Apreciando especificamente a questão de inconstitucionalidade das «normas conjugadas do artigo 483.° do CC e do artigo 71.° do CPP, [interpretadas] no sentido de «permitir a arrecadação de impostos à margem do disposto nas leis tributárias», considerou-se, desde logo, na decisão sumária reclamada, que nem sequer [estava] em causa matéria que, considerando o disposto no artigo 9.º do CC, [pudesse] ser configurada como interpretação da lei, o que liminarmente inviabiliza[va] o seu conhecimento, atento o caráter necessariamente normativo dos processos de fiscalização concreta da constitucionalidade.
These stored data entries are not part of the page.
text \<open>Suppose every element of order \<open>p\<close> of \<open>A\<close> were conjugate to \<open>e\<^sub>n\<^sub>/\<^sub>p\<close>. As
  \<open>e\<^sub>n\<^sub>/\<^sub>p\<close> is traceless (its eigenvalues are all \<open>p\<close>-th roots of unity, each with
  multiplicity \<open>n/p\<close>), every nontrivial element of \<open>A\<close> would have traceless lifts. Diagonalise
  the toral group \<open>A\<close> simultaneously: the \<open>n\<close> diagonal entries, suitably normalised, are
  characters \<open>\<chi>\<^sub>1, \<dots>, \<chi>\<^sub>n\<close> of \<open>A\<close> (the weights) with \<open>\<Sum>\<^sub>k \<chi>\<^sub>k(x) = 0\<close> for \<open>x \<noteq> 1\<close>.
  By orthogonality of characters every character of \<open>A\<close> then occurs exactly \<open>n/|A|\<close> times
  among the weights, so multiplication by a weight \<open>\<chi>\<^sub>j\<close> permutes them. The corresponding
  permutation matrix \<open>P\<close> centralises \<open>A\<close> in \<open>PGL\<^sub>n\<close>, while \<open>P X = \<chi>\<^sub>j(x) X P\<close> for the lift
  \<open>X\<close> of any \<open>x \<in> A\<close>. For an element of the centraliser of \<open>x\<close> the scalar relating
  \<open>M X\<close> and \<open>X M\<close> ranges over the finitely many eigenvalue ratios of \<open>X\<close>; choosing \<open>x\<close> and
  \<open>j\<close> with \<open>\<chi>\<^sub>j(x) \<noteq> 1\<close>, whether this scalar equals \<open>1\<close> splits \<open>C\<^sub>G(A)\<close> into two
  nonempty open pieces.\<close>

section \<open>Scalar multiples, conjugates and diagonal matrices\<close>

definition smul :: "complex \<Rightarrow> complex^'n^'m \<Rightarrow> complex^'n^'m" where
  "smul c M = (\<chi> i j. c * M $ i $ j)"

lemma smul_nth [simp]: "smul c M $ i $ j = c * M $ i $ j"
  by (simp add: smul_def)

lemma smul_smul [simp]: "smul c (smul d M) = smul (c * d) M"
  by (simp add: vec_eq_iff mult.assoc)

lemma smul_one [simp]: "smul 1 M = M"
  by (simp add: vec_eq_iff)

lemma smul_matrix_mul: "smul c A ** B = smul c (A ** B)"
  by (simp add: vec_eq_iff matrix_matrix_mult_def sum_distrib_left mult.assoc)

lemma matrix_mul_smul: "A ** smul c B = smul c (A ** B)"
  by (simp add: vec_eq_iff matrix_matrix_mult_def sum_distrib_left mult.left_commute)

lemma smul_cancel: "c \<noteq> 0 \<Longrightarrow> smul c A = smul c B \<longleftrightarrow> A = B"
  by (auto simp: vec_eq_iff)

lemma smul_right_cancel: "A \<noteq> 0 \<Longrightarrow> smul a A = smul b A \<longleftrightarrow> a = b"
  by (auto simp: vec_eq_iff)

lemma matrix_inv:
  assumes "invertible (A::'a::semiring_1^'n^'n)"
  shows matrix_inv_right: "A ** matrix_inv A = mat 1"
    and matrix_inv_left: "matrix_inv A ** A = mat 1"
  using someI_ex[OF assms[unfolded invertible_def]] unfolding matrix_inv_def by auto

lemma invertible_matrix_inv: "invertible (A::'a::semiring_1^'n^'n) \<Longrightarrow> invertible (matrix_inv A)"
  using matrix_inv unfolding invertible_def by blast

lemma invertible_nonzero: "invertible (A::'a::{semiring_1,zero_neq_one}^'n^'n) \<Longrightarrow> A \<noteq> 0"
proof
  assume "invertible A" "A = 0"
  then have "(mat 1 :: 'a^'n^'n) = 0" by (auto simp: invertible_def)
  then have "(mat 1 :: 'a^'n^'n) $ undefined $ undefined = 0" by simp
  then show False by (simp add: mat_def)
qed

lemma conj_mult:
  assumes "invertible (G::'a::semiring_1^'n^'n)"
  shows "G ** X ** matrix_inv G ** (G ** Y ** matrix_inv G) = G ** (X ** Y) ** matrix_inv G"
proof -
  have "G ** X ** matrix_inv G ** (G ** Y ** matrix_inv G)
      = G ** X ** (matrix_inv G ** G) ** Y ** matrix_inv G"
    by (simp add: matrix_mul_assoc)
  then show ?thesis by (simp add: matrix_inv_left[OF assms] matrix_mul_assoc)
qed

lemma conj_cancel:
  assumes "invertible (G::'a::semiring_1^'n^'n)"
  shows "G ** X ** matrix_inv G = G ** Y ** matrix_inv G \<longleftrightarrow> X = Y"
proof
  have unconj: "matrix_inv G ** (G ** Z ** matrix_inv G) ** G = Z" for Z
  proof -
    have "matrix_inv G ** (G ** Z ** matrix_inv G) ** G
        = (matrix_inv G ** G) ** Z ** (matrix_inv G ** G)"
      by (simp add: matrix_mul_assoc)
    then show ?thesis by (simp add: matrix_inv_left[OF assms])
  qed
  assume eq: "G ** X ** matrix_inv G = G ** Y ** matrix_inv G"
  have "X = matrix_inv G ** (G ** X ** matrix_inv G) ** G" by (rule unconj[symmetric])
  also have "\<dots> = Y" by (simp only: eq unconj)
  finally show "X = Y" .
qed simp

lemma conj_smul: "G ** smul c X ** H = smul c (G ** X ** H)"
  by (simp add: smul_matrix_mul matrix_mul_smul)

lemma trace_conj:
  assumes "invertible (G::'a::comm_semiring_1^'n^'n)"
  shows "trace (G ** X ** matrix_inv G) = trace X"
proof -
  have "trace (G ** X ** matrix_inv G) = trace (matrix_inv G ** G ** X)"
    by (simp add: trace_mul_sym[of _ "matrix_inv G"] matrix_mul_assoc)
  then show ?thesis by (simp add: matrix_inv_left[OF assms])
qed

lemma trace_smul: "trace (smul c M) = c * trace M"
  by (simp add: trace_def sum_distrib_left)

lemma diag_mat_nth: "diag_mat d $ k $ l = (if k = l then d k else 0)"
  by (simp add: diag_mat_def)

lemma matrix_mul_diag_mat_nth [simp]: "(M ** diag_mat d) $ k $ l = M $ k $ l * d l"
  by (simp add: matrix_matrix_mult_def diag_mat_nth if_distrib cong: if_cong)

lemma diag_mat_mul_nth [simp]: "(diag_mat d ** M) $ k $ l = d k * M $ k $ l"
proof -
  have "diag_mat d $ k $ m * M $ m $ l = (if m = k then d k * M $ k $ l else 0)" for m
    by (simp add: diag_mat_nth)
  then show ?thesis by (simp add: matrix_matrix_mult_def)
qed

lemma diag_mat_mult: "diag_mat a ** diag_mat b = diag_mat (\<lambda>i. a i * b i)"
  by (simp add: vec_eq_iff diag_mat_nth)

lemma invertible_diag_mat: "\<forall>i. d i \<noteq> 0 \<Longrightarrow> invertible (diag_mat d)"
  unfolding invertible_right_inverse
  by (rule exI[of _ "diag_mat (\<lambda>i. inverse (d i))"]) (simp add: vec_eq_iff diag_mat_nth mat_def)

lemma trace_diag_mat: "trace (diag_mat d) = (\<Sum>i\<in>UNIV. d i)"
  by (simp add: trace_def diag_mat_nth)

definition perm_mat :: "('n \<Rightarrow> 'n) \<Rightarrow> complex^'n^'n" where
  "perm_mat \<sigma> = (\<chi> a b. if b = \<sigma> a then 1 else 0)"

lemma invertible_perm_mat:
  assumes "inj \<sigma>"
  shows "invertible (perm_mat \<sigma> :: complex^'n::finite^'n)"
proof -
  have "perm_mat \<sigma> $ a $ c * transpose (perm_mat \<sigma>) $ c $ b
      = (if c = \<sigma> a then (if a = b then 1 else 0) else 0)" for a b c
    using assms by (auto simp: perm_mat_def transpose_def inj_eq)
  then have "perm_mat \<sigma> ** transpose (perm_mat \<sigma>) = mat 1"
    by (simp add: matrix_matrix_mult_def vec_eq_iff mat_def)
  then show ?thesis using invertible_right_inverse by blast
qed

lemma perm_mat_diag_mat:
  assumes "\<And>a. d (\<sigma> a) = c * d a"
  shows "perm_mat \<sigma> ** diag_mat d = smul c (diag_mat d ** perm_mat \<sigma>)"
  by (simp add: vec_eq_iff perm_mat_def assms)

section \<open>Projective classes and the group structure of PGL\<close>

lemma pcls_eq_iff: "pcls M = pcls N \<longleftrightarrow> (\<exists>c. c \<noteq> 0 \<and> N = smul c M)"
proof
  assume "pcls M = pcls N"
  moreover have "N \<in> pcls N" unfolding pcls_def by (auto intro!: exI[of _ 1] simp: vec_eq_iff)
  ultimately show "\<exists>c. c \<noteq> 0 \<and> N = smul c M" by (auto simp: pcls_def smul_def)
next
  assume "\<exists>c. c \<noteq> 0 \<and> N = smul c M"
  then obtain c where c: "c \<noteq> 0" "N = smul c M" by blast
  show "pcls M = pcls N"
    unfolding pcls_def smul_def[symmetric]
  proof safe
    fix d :: complex assume "d \<noteq> 0"
    then show "\<exists>e. smul d M = smul e N \<and> e \<noteq> 0"
      using c by (intro exI[of _ "d / c"]) simp
  next
    fix d :: complex assume "d \<noteq> 0"
    then show "\<exists>e. smul d N = smul e M \<and> e \<noteq> 0"
      using c by (intro exI[of _ "d * c"]) simp
  qed
qed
Os reclamantes, no presente incidente, não impugnam esse juízo, limitando-se a refutar o entendimento, sustentado na decisão sumária em relação à generalidade dos recursos de constitucionalidade interpostos nos autos, de que o Supremo Tribunal de Justiça, no Acórdão recorrido, não aplicou em fundamento do julgado as interpretações sindicadas a respeito da possibilidade de apuramento, em processo penal, do montante de impostos não previamente liquidados pelas entidades administrativas competentes. Invocam, ainda, os reclamantes que está preenchido o pressuposto processual do recurso respeitante à definitividade da decisão recorrida, pressuposto que o relator julgou omisso por força da pendência de arguição de nulidade que os recorrentes, ora reclamantes, lhe dirigiram aquando da interposição do recurso de constitucionalidade.
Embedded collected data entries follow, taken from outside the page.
lemma psum_m: "psum i m = psum i (m - 1) + i m"
  using m_pos psum_Suc[of i "m - 1"] by simp

lemma rewrseq_nf_gamma_y:
  "\<exists>ks. rewrseq (syls i e 1 n @ xpow (i 0) @ [yp]) ks (nf_gamma_y i e n) \<and>
     filter (\<lambda>k. k \<noteq> FreeR) ks = map (\<lambda>j. YR (psum i j)) [0..<m]"
proof -
  obtain ks where ks: "rewrseq (syls i e 1 n @ xpow (i 0) @ [yp]) ks (stage_word i e n m)"
    "filter (\<lambda>k. k \<noteq> FreeR) ks = map (\<lambda>j. YR (psum i j)) [0..<m]"
    using rewrseq_stage_word[of m n i e] m_pos m_le psum_below_mindex[of _ i n] signs by blast
  show ?thesis
  proof (cases "m = n \<or> psum i m \<noteq> 0 \<or> e (m + 1) = 1")
    case True
    then show ?thesis
      using ks by (auto simp: nf_gamma_y_eq Let_def)
  next
    case False
    then have "e (m + 1) = -1" "psum i m = 0" "m + 1 \<le> n"
      using signs[of "m + 1"] m_le by auto
    let ?p = "syls i e (m + 2) n" and ?q = "[ylet (e m)] @ syls i e 1 (m - 1) @ xpow (i 0 + 1)"
    have stage: "stage_word i e n m = ?p @ xpow (i (m + 1)) @ [ym, linv ym]
        @ xpow (- psum i (m - 1) - 1) @ ?q"
      using syls_lowest[of "m + 1" n] \<open>e (m + 1) = -1\<close> \<open>psum i m = 0\<close> \<open>m + 1 \<le> n\<close>
      by (simp add: stage_word_def)
    have exponent: "i (m + 1) + (- psum i (m - 1) - 1) = i (m + 1) + i m - 1"
      using psum_m \<open>psum i m = 0\<close> by simp
    obtain k where
      "rewrseq (?p @ xpow (i (m + 1)) @ [ym, linv ym] @ xpow (- psum i (m - 1) - 1) @ ?q)
        (replicate k FreeR) (?p @ xpow (i (m + 1) + i m - 1) @ ?q)"
      using rewrseq_free_merged[of ?p "i (m + 1)" ym "- psum i (m - 1) - 1" ?q]
      unfolding exponent ..
    then have "rewrseq (syls i e 1 n @ xpow (i 0) @ [yp]) (ks @ replicate k FreeR)
        (nf_gamma_y i e n)"
      using rewrseq_append[OF ks(1)] stage False by (simp add: nf_gamma_y_eq Let_def)
    then show ?thesis
      using ks(2) by (intro exI[of _ "ks @ replicate k FreeR"]) simp
  qed
qed

lemma admissible_gamma:
  assumes "1 \<le> k" "k < n"
  shows "admissible (e (Suc k)) (i k) (e k)"
proof -
  obtain k' where k': "k = Suc k'"
    using assms(1) by (cases k) auto
  have "syls i e 1 n @ xpow (i 0) = (syls i e (Suc (Suc k)) n @ xpow (i (Suc k)))
      @ ylet (e (Suc k)) # xpow (i k) @ ylet (e k) # syls i e 1 k' @ xpow (i 0)"
    using syls_append[of 1 k n i e] syls_lowest[of "Suc k" n i e] syls_Suc[of 1 k' i e] assms k'
    by simp
  then show ?thesis
    using admissible_if_NF NF_gamma signs assms by (metis Suc_leI le_SucI less_imp_le_nat)
qed

lemma NF_syls_upper: "c \<le> n \<Longrightarrow> syls i e (Suc c) n \<in> NF"
  using NF_gamma syls_append[of 1 c n i e] NF_infix[of "[]"] by simp

lemma NF_append_tail:
  assumes "P @ [ylet (e k)] \<in> NF" "1 \<le> k" "k \<le> n"
  shows "P @ [ylet (e k)] @ syls i e 1 (k - 1) @ xpow (i 0 + 1) \<in> NF"
proof -
  have "P @ [ylet (e (Suc (k - 1)))] @ syls i e 1 (k - 1) \<in> NF"
  proof (rule NF_append_syls)
    show "e j \<in> {1, -1} \<and> admissible (e (Suc j)) (i j) (e j)" if "1 \<le> j" "j \<le> k - 1" for j
      using that assms(3) signs admissible_gamma by simp
  qed (use assms signs in simp_all)
  then have "P @ [ylet (e k)] @ syls i e 1 (k - 1) \<in> NF"
    using assms(2) by simp
  moreover have "is_y (last (P @ [ylet (e k)] @ syls i e 1 (k - 1)))"
    by (cases "1 \<le> k - 1") (simp_all add: last_syls syls_empty)
  ultimately have "(P @ [ylet (e k)] @ syls i e 1 (k - 1)) @ xpow (i 0 + 1) \<in> NF"
    using NF_append_xpow by blast
  then show ?thesis
    by simp
qed

lemma NF_stage_word:
  assumes "m = n \<or> psum i m \<noteq> 0 \<or> e (m + 1) = 1"
  shows "stage_word i e n m \<in> NF"
proof -
  have "syls i e (m + 1) n @ xpow (psum i m) @ [yp] \<in> NF"
  proof (cases "m = n")
    case True
    then show ?thesis
      using NF_xpow_y[of "psum i m" 1] by (simp add: syls_empty)
  next
    case False
    then have "m < n"
      using m_le by simp
    have split: "syls i e (m + 1) n = syls i e (m + 2) n @ xpow (i (m + 1)) @ [ylet (e (m + 1))]"
      using syls_lowest[of "m + 1" n] \<open>m < n\<close> by simp
    have "(syls i e (m + 2) n @ xpow (i (m + 1))) @ ylet (e (m + 1)) # xpow (psum i m) \<in> NF"
      using NF_append_xpow[OF NF_syls_upper[of m]] m_le split by simp
    moreover have "admissible (e (m + 1)) (psum i m) 1"
      using assms psum_mindex[of i n] \<open>m < n\<close> by (auto simp: admissible_def)
    ultimately show ?thesis
      using NF_snoc_y[of "syls i e (m + 2) n @ xpow (i (m + 1))" "e (m + 1)" "psum i m" 1]
        signs[of "m + 1"] \<open>m < n\<close> split by simp
  qed
  then have "(syls i e (m + 1) n @ xpow (psum i m)) @ ylet 1 # xpow (- psum i (m - 1) - 1) \<in> NF"
    using NF_append_xpow[of "syls i e (m + 1) n @ xpow (psum i m) @ [yp]"] by simp
  moreover have "admissible 1 (- psum i (m - 1) - 1) (e m)"
    using psum_pred_m by (simp add: admissible_def)
  ultimately have "(syls i e (m + 1) n @ xpow (psum i m) @ [yp] @ xpow (- psum i (m - 1) - 1))
      @ [ylet (e m)] \<in> NF"
    using NF_snoc_y[of "syls i e (m + 1) n @ xpow (psum i m)" 1 "- psum i (m - 1) - 1" "e m"]
      signs m_pos m_le by simp
  then show ?thesis
    unfolding stage_word_def
    using NF_append_tail[of "syls i e (m + 1) n @ xpow (psum i m) @ [yp]
        @ xpow (- psum i (m - 1) - 1)" m]
      m_pos m_le by simp
qed

lemma NF_cancelled:
  assumes "m < n" "psum i m = 0" "e (m + 1) = -1"
  shows "syls i e (m + 2) n @ xpow (i (m + 1) + i m - 1) @ [ylet (e m)] @ syls i e 1 (m - 1)
      @ xpow (i 0 + 1) \<in> NF"
proof -
  let ?c = "i (m + 1) + i m - 1"
  have "syls i e (m + 2) n @ xpow ?c @ [ylet (e m)] \<in> NF"
  proof (cases "m + 1 = n")
    case True
    then show ?thesis
      using NF_xpow_y by (simp add: syls_empty)
  next
    case False
    then have "m + 2 \<le> n"
      using assms(1) by simp
    have split: "syls i e (m + 2) n = syls i e (Suc (m + 2)) n @ xpow (i (m + 2))
        @ [ylet (e (m + 2))]"
      using syls_lowest[of "m + 2" n] \<open>m + 2 \<le> n\<close> by simp
    have "(syls i e (Suc (m + 2)) n @ xpow (i (m + 2))) @ ylet (e (m + 2)) # xpow ?c \<in> NF"
      using NF_append_xpow[OF NF_syls_upper[of "m + 1"]] \<open>m + 2 \<le> n\<close> split by simp
    moreover have "i (m + 1) \<le> 1"
      using admissible_gamma[of "m + 1"] \<open>m + 2 \<le> n\<close> assms(3) by (simp add: admissible_def)
    then have "?c < 0"
      using psum_m assms(2) psum_pred_m by simp
    then have "admissible (e (m + 2)) ?c (e m)"
      by (simp add: admissible_def)
    ultimately show ?thesis
      using NF_snoc_y[of "syls i e (Suc (m + 2)) n @ xpow (i (m + 2))" "e (m + 2)" ?c "e m"]
        signs[of "m + 2"] signs[of m] m_pos \<open>m + 2 \<le> n\<close> split by simp
  qed
  then show ?thesis
    using NF_append_tail[of "syls i e (m + 2) n @ xpow ?c" m] m_pos m_le by simp
qed

lemma NF_nf_gamma_y: "nf_gamma_y i e n \<in> NF"
proof (cases "m = n \<or> psum i m \<noteq> 0 \<or> e (m + 1) = 1")
  case True
  then show ?thesis
    using NF_stage_word by (simp add: nf_gamma_y_eq Let_def)
next
  case False
  then have "m < n" "psum i m = 0" "e (m + 1) = -1"
    using signs[of "m + 1"] m_le by auto
  then show ?thesis
    using NF_cancelled False by (simp add: nf_gamma_y_eq Let_def)
qed

end

section \<open>Edges off the tree \<open>T\<close>\<close>

lemma same_elem_append: "same_elem w w' \<Longrightarrow> same_elem (w @ t) (w' @ t)"
  unfolding same_elem_eq_equivclp
proof (induction rule: equivclp_induct)
  case (step y z)
  then show ?case
    using reduces1_in_context[of y z "[]" t] reduces1_in_context[of z y "[]" t]
    by (auto intro: equivclp_into_equivclp)
qed simp

lemma on_T_if_NF_snoc: "nf g @ [a] \<in> NF \<Longrightarrow> on_T g a"
  unfolding on_T_def
  using same_elem_nf[of g] by (intro bexI[of _ "nf g @ [a]"] exI[of _ "length (nf g)"])
    (auto simp: same_elem_eq_equivclp intro: equivclp_sym)

lemma on_T_if_nf_snoc_linv:
  assumes "nf g = p @ [linv a]"
  shows "on_T g a"
proof -
  have "same_elem (g @ [a]) (p @ [linv a, a])"
    using same_elem_append[OF same_elem_nf, of g "[a]"] assms by simp
  moreover have "reduces1 (p @ [linv a, a]) p"
    using rstep.free[of p "linv a" "[]"] unfolding reduces1_def by auto
  then have "same_elem (p @ [linv a, a]) p"
    by (simp add: same_elem_eq_equivclp r_into_equivclp)
  ultimately have "same_elem (take (length p) (nf g)) (g @ [a])"
    using assms unfolding same_elem_eq_equivclp by (auto intro: equivclp_sym equivclp_trans)
  then show ?thesis
    unfolding on_T_def using nf_in_NF[of g] assms
    by (intro bexI[of _ "nf g"] exI[of _ "length p"]) auto
qed

lemma gamma_nf_if_not_on_T:
  assumes notT: "\<not> on_T g yp" and signs: "\<And>k. 1 \<le> k \<Longrightarrow> k \<le> n \<Longrightarrow> e k \<in> {1, -1}"
    and gam: "nf g = syls i e 1 n @ xpow (i 0)"
  shows "gamma_nf i e n"
proof (rule gamma_nf.intro)
  have nf_yp: "nf g @ [yp] \<notin> NF"
    using notT on_T_if_NF_snoc by blast
  show n_pos: "n \<ge> 1"
    using nf_yp NF_xpow_y[of "i 0" 1] gam by (cases n) (auto simp: syls_empty)
  show "i 0 \<ge> 1"
  proof (rule ccontr)
    assume "\<not> i 0 \<ge> 1"
    have gamma: "nf g = (syls i e 2 n @ xpow (i 1)) @ ylet (e 1) # xpow (i 0)"
      using gam syls_lowest[of 1 n i e] n_pos by (simp add: numeral_2_eq_2)
    show False
    proof (cases "i 0 = 0 \<and> e 1 = -1")
      case True
      then show False
        using on_T_if_nf_snoc_linv[of g _ yp] gamma notT by simp
    next
      case False
      then have "admissible (e 1) (i 0) 1"
        using \<open>\<not> i 0 \<ge> 1\<close> signs[of 1] n_pos by (auto simp: admissible_def)
      then show False
        using NF_snoc_y[of "syls i e 2 n @ xpow (i 1)" "e 1" "i 0" 1] gamma nf_in_NF[of g]
          signs[of 1] n_pos nf_yp
        by simp
    qed
  qed
qed (use signs nf_in_NF[of g] gam in simp_all)

theorem lemma3p1:
  fixes g :: "letter list" and n :: nat and i e :: "nat \<Rightarrow> int"
  assumes notT: "\<not> on_T g yp"
    and eps: "\<forall>k. 1 \<le> k \<and> k \<le> n \<longrightarrow> e k \<in> {1, -1}"
    and gam: "nf g = syls i e 1 n @ xpow (i 0)"
  shows "n \<ge> 1 \<and> i 0 \<ge> 1 \<and> mindex i n \<ge> 1 \<and>
    (let m = mindex i n; s = psum i; \<gamma> = nf g;
         \<gamma>' = (if m = n \<or> s m \<noteq> 0 \<or> e (m + 1) = 1
               then syls i e (m + 1) n @ xpow (s m) @ [yp] @ xpow (- s (m - 1) - 1) @ [ylet (e m)]
                    @ syls i e 1 (m - 1) @ xpow (i 0 + 1)
               else syls i e (m + 2) n @ xpow (i (m + 1) + i m - 1) @ [ylet (e m)]
                    @ syls i e 1 (m - 1) @ xpow (i 0 + 1))
     in nf (\<gamma> @ [yp]) = \<gamma>' \<and>
        (\<exists>ks. rewrseq (\<gamma> @ [yp]) ks \<gamma>' \<and>
              filter (\<lambda>k. k \<noteq> FreeR) ks = map (\<lambda>j. YR (s j)) [0..<m]))"
proof -
  interpret gamma_nf i e n
    using gamma_nf_if_not_on_T notT eps gam by blast
  obtain ks where ks: "rewrseq (nf g @ [yp]) ks (nf_gamma_y i e n)"
    "filter (\<lambda>k. k \<noteq> FreeR) ks = map (\<lambda>j. YR (psum i j)) [0..<m]"
    using rewrseq_nf_gamma_y gam by auto
  have "nf (nf g @ [yp]) = nf_gamma_y i e n"
    using nf_eqI[OF NF_nf_gamma_y] reduces_imp_same_elem[OF rewrseq_imp_reduces[OF ks(1)]] .
  then show ?thesis
    using n_pos i0_pos m_pos ks unfolding nf_gamma_y_def Let_def by blast
qed

end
Confrontando as normas legais sindicadas e a autodenominada interpretação que os recorrentes, ora reclamantes, lhe reconduzem, a de que é permitida «a arrecadação de impostos à margem do disposto nas leis tributárias», facilmente se verifica que não está efetivamente em causa um critério normativo de decisão que possa ser extraído, por via interpretativa, das normas dos artigos 483.º do CC e 71.º do CPP. A possibilidade de arrecadação de impostos à margem do disposto nas leis tributárias não é manifestamente solução que se contenha, desde logo, na letra das citadas normas legais, cujo âmbito de regulação nenhuma relação tem com a dimensão reputada inconstitucional.
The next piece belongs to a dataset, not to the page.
(* Let $T,M,\delta,\tau$ be as in the setup and $\xi>0$. Consider the Batch procedure: set $W=W'=V_T$; while $W'\neq\emptyset$: let $L(W')=\{v\in W':C_{W'}(v)\le k(1+\xi)\tau(W')/|W'|\}$, set $W'\leftarrow W'\setminus L(W')$, and if $W'\neq\emptyset$ and $\rho(W')\ge\rho(W)$ set $W\leftarrow W'$. Output $W$. Then in every iteration $L(W')\neq\emptyset$ (so the procedure terminates), and the output satisfies $\rho(W)\ge\frac{1}{k(1+\xi)}\mathrm{OPT}$.
   Context: Setup. A temporal network is a pair $T=(V_T,E_T)$ where $V_T$ is a finite set of $n$ vertices and $E_T$ is a finite set of temporal edges $(u,v,t)$ with $u,v\in V_T$ and timestamp $t\in\mathbb{R}_{>0}$; timestamps are assumed distinct. A $k$-vertex $\ell$-edge temporal motif ($k,\ell\ge 2$) is a pair $M=(K,\sigma)$ where $K=(V_K,E_K)$ is a directed, weakly connected multigraph with $|V_K|=k$, $|E_K|=\ell$, and $\sigma$ is an ordering of $E_K$; equivalently $M$ is the sequence $\langle(x_1,y_1),\dots,(x_\ell,y_\ell)\rangle$ of its edges in the order $\sigma$. Given $\delta>0$, a $\delta$-instance of $M$ in a temporal network is a sequence $S=\langle(x'_1,y'_1,t'_1),\dots,(x'_\ell,y'_\ell,t'_\ell)\rangle$ of $\ell$ distinct temporal edges of that network with $t'_1<\dots<t'_\ell$ such that (1) there is a bijection $h$ from the set of vertices appearing in $S$ onto $V_K$ with $h(x'_i)=x_i$ and $h(y'_i)=y_i$ for all $i\in[\ell]$, and (2) $t'_\ell-t'_1\le\delta$. We write $v\in S$ if $v$ is an endpoint of some edge of $S$; every $\delta$-instance contains exactly $k$ vertices. For $W\subseteq V_T$, $T[W]=(W,\{(u,v,t)\in E_T:u,v\in W\})$ is the induced temporal subnetwork and $\mathcal{S}_W$ is the set of $\delta$-instances of $M$ in $T[W]$. A weighting function $\tau$ assigns a weight $\tau(S)>0$ to each $\delta$-instance $S$ of $M$ in $T$; for $W\subseteq V_T$, $\tau(W)=\sum_{S\in\mathcal{S}_W}\tau(S)$. The temporal motif degree of $v$ in $T[W]$ is $C_W(v)=\sum_{S\in\mathcal{S}_W:\,v\in S}\tau(S)$. The density of a nonempty $W\subseteq V_T$ is $\rho(W)=\tau(W)/|W|$, and $\mathrm{OPT}=\max_{\emptyset\ne W\subseteq V_T}\rho(W)$ is the optimal value of the Temporal Motif Densest Subnetwork (TMDS) problem. *)

theory Defs
  imports Complex_Main
begin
Ora, não estando em causa uma interpretação da lei que o Tribunal Constitucional possa apreciar, no exercício das suas funções de controlo de constitucionalidade de normas jurídicas, parece claro que o recurso não pode prosseguir para apreciação de mérito.
De todo o modo, ainda que estivesse em causa um critério normativo de decisão suscetível de fiscalização pelo Tribunal Constitucional – e não está -, a verdade é que, pelas razões invocadas pelo relator e por esta conferência a esse respeito, no ponto 2.2.2. do presente acórdão, que aqui se dá por integralmente reproduzido, não se reconheceria qualquer utilidade ao recurso, não decorrendo da presente reclamação qualquer argumento que comprometa a bondade desse juízo.
Assim sendo, impõe-se, sem necessidade de mais considerações, o indeferimento da presente reclamação, não se justificando, atento o caráter cumulativo dos pressupostos processuais do recurso de constitucionalidade, aferir se a decisão recorrida assumiu o caráter de definitividade que o relator também julgou não verificado.